### 2. **Data Loading and Preprocessing**
   - Reads training text and label files and strips any extra whitespace or newlines.
   - Checks if the number of texts and labels match and raises an error if they don't.
   - Converts the text and label data into a pandas DataFrame for further processing.

In [2]:
import pandas as pd

# Define file paths
text_file = 'riloff tweet/train.txt'
label_file = 'riloff tweet/labels_train.txt'

# Read text samples
with open(text_file, 'r', encoding='utf-8') as tf:
    texts = tf.readlines()

# Read labels
with open(label_file, 'r', encoding='utf-8') as lf:
    labels = lf.readlines()

# Strip any extra whitespace or newlines from the text and labels
texts = [text.strip() for text in texts]
labels = [label.strip() for label in labels]
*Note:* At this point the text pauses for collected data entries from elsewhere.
lemma frac_kernel_integral_gap:
  fixes s \<rho> D :: real
  assumes "0 < s" "4 * s \<le> \<alpha>" "\<alpha> < 1" "0 < \<rho>" "\<rho> \<le> 1" "1 \<le> D" "\<Omega> \<subseteq> ball x D"
  shows "\<bar>(LINT y:\<Omega>|lborel. frac_kernel u x s y) - (LINT y:\<Omega>|lborel. frac_kernel u x 0 y)\<bar>
      \<le> M * kernel_gap DIM('a) \<alpha> D \<rho> s"
proof -
  define N where "N = real DIM('a)"
  define \<eta> where "\<eta> = powr_deviation \<rho> D s"
  have N: "\<alpha> < N"
    unfolding N_def using DIM_positive[where 'a='a] assms(3) by linarith
  have \<eta>: "0 \<le> \<eta>"
    unfolding \<eta>_def using assms by (intro powr_deviation_nonneg) auto
  have \<Omega>: "\<Omega> \<in> sets lborel"
    using open_domain by simp
  have integrable: "set_integrable lborel \<Omega> (frac_kernel u x s)" "set_integrable lborel \<Omega> (frac_kernel u x 0)"
    using assms \<Omega>
    by (auto intro!: set_integral_frac_kernel_ball(1)[of _ D])
  have near: "set_integrable lborel (ball x \<rho>) (\<lambda>y. norm (x - y) powr (- (N - \<alpha> / 2)))"
    using assms N unfolding N_def by (intro set_integrable_ball_powr) linarith+
  have far: "set_integrable lborel (ball x D) (\<lambda>y. norm (x - y) powr (- (N - \<alpha>)))"
    using assms N unfolding N_def by (intro set_integrable_ball_powr) linarith+
  define g where "g y = M * (indicator (ball x \<rho>) y * norm (x - y) powr (- (N - \<alpha> / 2))
      + \<eta> * (indicator (ball x D) y * norm (x - y) powr (- (N - \<alpha>))))" for y
  have g_integrable: "integrable lborel g"
    using near far unfolding g_def set_integrable_def by simp
  have g_nonneg: "0 \<le> g y" for y
    unfolding g_def using M_nonneg \<eta> by simp
  have measurable: "set_borel_measurable lborel \<Omega> (\<lambda>y. frac_kernel u x s y - frac_kernel u x 0 y)"
    using set_borel_measurable_frac_kernel[OF open_domain continuous_u, of x s]
      set_borel_measurable_frac_kernel[OF open_domain continuous_u, of x 0]
    unfolding set_borel_measurable_def scaleR_diff_right by (rule borel_measurable_diff)
  have dominated: "\<bar>frac_kernel u x s y - frac_kernel u x 0 y\<bar> \<le> g y" if "y \<in> \<Omega>" for y
    using abs_frac_kernel_diff_le[OF holder_at[OF that] M_nonneg assms(1,2,4,5), of D] that assms(7)
    by (auto simp: g_def \<eta>_def N_def)
  have "(LINT y:\<Omega>|lborel. frac_kernel u x s y) - (LINT y:\<Omega>|lborel. frac_kernel u x 0 y)
      = (LINT y:\<Omega>|lborel. frac_kernel u x s y - frac_kernel u x 0 y)"
    using integrable by (rule set_integral_diff(2)[symmetric])
  also have "\<bar>\<dots>\<bar> \<le> integral\<^sup>L lborel g"
    by (rule abs_set_integral_le_integral(2)[OF g_integrable g_nonneg measurable dominated])
  also have "integral\<^sup>L lborel g = M * ((LINT y:ball x \<rho>|lborel. norm (x - y) powr (- (N - \<alpha> / 2)))
      + \<eta> * (LINT y:ball x D|lborel. norm (x - y) powr (- (N - \<alpha>))))"
    using near far unfolding g_def set_lebesgue_integral_def set_integrable_def by simp
  also have "\<dots> \<le> M * (ball_kernel_bound DIM('a) (N - \<alpha> / 2) * \<rho> powr (\<alpha> / 2)
      + \<eta> * (ball_kernel_bound DIM('a) (N - \<alpha>) * D powr \<alpha>))"
  proof -
    have "(LINT y:ball x \<rho>|lborel. norm (x - y) powr (- (N - \<alpha> / 2)))
        \<le> ball_kernel_bound DIM('a) (N - \<alpha> / 2) * \<rho> powr (\<alpha> / 2)"
      using set_integral_ball_powr_le[of "N - \<alpha> / 2" \<rho> x] assms N by (simp add: N_def)
    moreover have "(LINT y:ball x D|lborel. norm (x - y) powr (- (N - \<alpha>)))
        \<le> ball_kernel_bound DIM('a) (N - \<alpha>) * D powr \<alpha>"
      using set_integral_ball_powr_le[of "N - \<alpha>" D x] assms N by (simp add: N_def)
    ultimately show ?thesis
      using M_nonneg \<eta> by (intro mult_left_mono add_mono) auto
  qed
  also have "\<dots> = M * kernel_gap DIM('a) \<alpha> D \<rho> s"
    by (simp add: kernel_gap_def N_def \<eta>_def)
  finally show ?thesis .
qed
lemma sum_pair_rows:
  "(\<Sum>p\<in>physC m U (n - 1). \<Sum>c\<in>leftC m U (n - 1). f (pair_rows m p c))
     = (\<Sum>q\<in>Pi\<^sub>E {..<m} (node_phys n U). f q)"
proof -
  have "(\<Sum>p\<in>physC m U (n - 1). \<Sum>c\<in>leftC m U (n - 1). f (pair_rows m p c))
      = (\<Sum>(p, c)\<in>physC m U (n - 1) \<times> leftC m U (n - 1). f (pair_rows m p c))"
    by (rule sum.cartesian_product)
  also have "\<dots> = (\<Sum>q\<in>Pi\<^sub>E {..<m} (node_phys n U). f q)"
  proof (rule sum.reindex_bij_witness[of _ "\<lambda>q. (\<lambda>i\<in>{..<m}. fst (q i), \<lambda>i\<in>{..<m}. snd (q i))"
        "\<lambda>(p, c). pair_rows m p c"])
    fix a assume "a \<in> physC m U (n - 1) \<times> leftC m U (n - 1)"
    then obtain p c where a: "a = (p, c)" "p \<in> physC m U (n - 1)" "c \<in> leftC m U (n - 1)"
      by blast
    then show "(\<lambda>i\<in>{..<m}. fst ((case a of (p, c) \<Rightarrow> pair_rows m p c) i),
          \<lambda>i\<in>{..<m}. snd ((case a of (p, c) \<Rightarrow> pair_rows m p c) i)) = a"
      by (auto simp: pair_rows_def physC_def leftC_def PiE_iff extensional_def fun_eq_iff)
    show "(case a of (p, c) \<Rightarrow> pair_rows m p c) \<in> Pi\<^sub>E {..<m} (node_phys n U)"
      using a by (auto simp: pair_rows_def physC_def leftC_def node_phys_def PiE_iff)
  next
    fix q assume q: "q \<in> Pi\<^sub>E {..<m} (node_phys n U)"
    then show "(case (\<lambda>i\<in>{..<m}. fst (q i), \<lambda>i\<in>{..<m}. snd (q i)) of (p, c) \<Rightarrow> pair_rows m p c) = q"
      by (auto simp: pair_rows_def PiE_iff extensional_def fun_eq_iff)
    show "(\<lambda>i\<in>{..<m}. fst (q i), \<lambda>i\<in>{..<m}. snd (q i)) \<in> physC m U (n - 1) \<times> leftC m U (n - 1)"
      using q by (auto simp: physC_def leftC_def node_phys_def PiE_iff mem_Times_iff)
  qed auto
  finally show ?thesis .
qed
# Ensure the lengths of both lists match
if len(texts) != len(labels):
    raise ValueError("The number of text samples and labels must be equal.")

# Convert to DataFrame
df = pd.DataFrame({
    'text': texts,
    'label': labels
})

In [3]:
df

Unnamed: 0,text,label
0,Nih min buat fans arsenal @my_supersoccer :D h...,0
1,Give a person power that will be a true test o...,0
2,@LordWilsonVILLA At 21 he looks to have a lot ...,0
3,I'm about to fall asleep and I still have to b...,0
4,I love hearing the shots from the shooting ran...,0
...,...,...
1363,Wanna know how I know your gay??? Because when...,0
1364,Love the political advice on Twitter. #getinfo...,0
1365,GrandMarc flow. #TCU @Coll_Crowley http://t.co...,0
1366,@NoLoveInTheCity what up boo ?,0


### 3. **Document Loading and Text Splitting**
   - Loads documents using `DataFrameLoader` and splits the text into manageable chunks using `RecursiveCharacterTextSplitter` for efficient processing.
   - The text is split into chunks of size 500, with 200 characters overlapping between consecutive chunks.
   - Initializes embeddings using OpenAI and sets up the LLM for the task.

In [4]:
from langchain.document_loaders import DataFrameLoader
from langchain_text_splitters import RecursiveCharacterTextSplitter
CHUNK_SIZE = 500
CHUNK_OVERLAP = 200
# Load documents
df['document'] = df.apply(lambda row: f"Text: {row['text']} Label: {row['label']}", axis=1)
articles = DataFrameLoader(df, page_content_column="document")
documents = articles.load()

# Concatenate and sort documents by date
sorted_docs = sorted(documents, key=lambda x: x.metadata.get("Date", ""))
concatenated_content = "\n\n\n---\n\n\n".join(doc.page_content for doc in reversed(sorted_docs))

# Split text into chunks
text_splitter = RecursiveCharacterTextSplitter.from_tiktoken_encoder(
    chunk_size=CHUNK_SIZE, chunk_overlap=CHUNK_OVERLAP
)
texts_split = text_splitter.split_text(concatenated_content)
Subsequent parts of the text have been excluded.